» **Brief**: For the string "bool", state the number of lines in the data that contain it, and nothing else.

Start of Data to examine

(* Let $d\in\mathbb N$ and let $X_1,\dots,X_d$ be arbitrary real-valued random variables on an atomless probability space (no integrability assumed). Then $$X_1+\cdots+X_d\le_{\rm cx} X_1^{\rm co}+\cdots+X_d^{\rm co},$$ where $(X_1^{\rm co},\dots,X_d^{\rm co})$ is a comonotonic version of $(X_1,\dots,X_d)$.
   Context: An expectation $\mathbb E[V]$ is well-defined if $\mathbb E[\max\{V,0\}]<\infty$ or $\mathbb E[\max\{-V,0\}]<\infty$. We write $U\le_{\rm cx}V$ if $\mathbb E[u(U)]\le\mathbb E[u(V)]$ for all convex $u:\mathbb R\to\mathbb R$ such that both expectations are well-defined. A pair $(X,Y)$ is comonotonic if $X=f(Z)$, $Y=g(Z)$ a.s. for some random variable $Z$ and increasing $f,g$; a random vector is comonotonic if each pair of its components is comonotonic. A comonotonic version of $(X_1,\dots,X_d)$ is a comonotonic random vector $(X_1',\dots,X_d')$ with $X_i'$ distributed as $X_i$ for each $i$. *)

theory Defs
  imports "HOL-Probability.Probability"
begin

definition atomless :: "'a measure \<Rightarrow> bool" where
  "atomless M \<longleftrightarrow> (\<forall>A\<in>sets M. measure M A > 0 \<longrightarrow>
      (\<exists>B\<in>sets M. B \<subseteq> A \<and> 0 < measure M B \<and> measure M B < measure M A))"

definition pos_part_exp :: "'a measure \<Rightarrow> ('a \<Rightarrow> real) \<Rightarrow> ennreal" where
  "pos_part_exp M V = (\<integral>\<^sup>+ x. ennreal (max (V x) 0) \<partial>M)"

definition neg_part_exp :: "'a measure \<Rightarrow> ('a \<Rightarrow> real) \<Rightarrow> ennreal" where
  "neg_part_exp M V = (\<integral>\<^sup>+ x. ennreal (max (- V x) 0) \<partial>M)"

definition exp_well_defined :: "'a measure \<Rightarrow> ('a \<Rightarrow> real) \<Rightarrow> bool" where
  "exp_well_defined M V \<longleftrightarrow> pos_part_exp M V < \<infinity> \<or> neg_part_exp M V < \<infinity>"

definition ext_expectation :: "'a measure \<Rightarrow> ('a \<Rightarrow> real) \<Rightarrow> ereal" where
  "ext_expectation M V = enn2ereal (pos_part_exp M V) - enn2ereal (neg_part_exp M V)"

definition cx_le :: "'a measure \<Rightarrow> ('a \<Rightarrow> real) \<Rightarrow> ('a \<Rightarrow> real) \<Rightarrow> bool" where
  "cx_le M U V \<longleftrightarrow> (\<forall>u::real \<Rightarrow> real. convex_on UNIV u \<longrightarrow>
      exp_well_defined M (\<lambda>x. u (U x)) \<longrightarrow> exp_well_defined M (\<lambda>x. u (V x)) \<longrightarrow>
      ext_expectation M (\<lambda>x. u (U x)) \<le> ext_expectation M (\<lambda>x. u (V x)))"

definition comonotonic_pair :: "'a measure \<Rightarrow> ('a \<Rightarrow> real) \<Rightarrow> ('a \<Rightarrow> real) \<Rightarrow> bool" where
  "comonotonic_pair M X Y \<longleftrightarrow> (\<exists>(Z::'a \<Rightarrow> real) (f::real \<Rightarrow> real) (g::real \<Rightarrow> real).
      Z \<in> borel_measurable M \<and> mono f \<and> mono g \<and>
      (AE x in M. X x = f (Z x) \<and> Y x = g (Z x)))"

definition comonotonic_vec :: "'a measure \<Rightarrow> nat \<Rightarrow> (nat \<Rightarrow> 'a \<Rightarrow> real) \<Rightarrow> bool" where
  "comonotonic_vec M d X \<longleftrightarrow> (\<forall>i<d. \<forall>j<d. comonotonic_pair M (X i) (X j))"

End of Data to examine

» **Answer to this exercise**: 5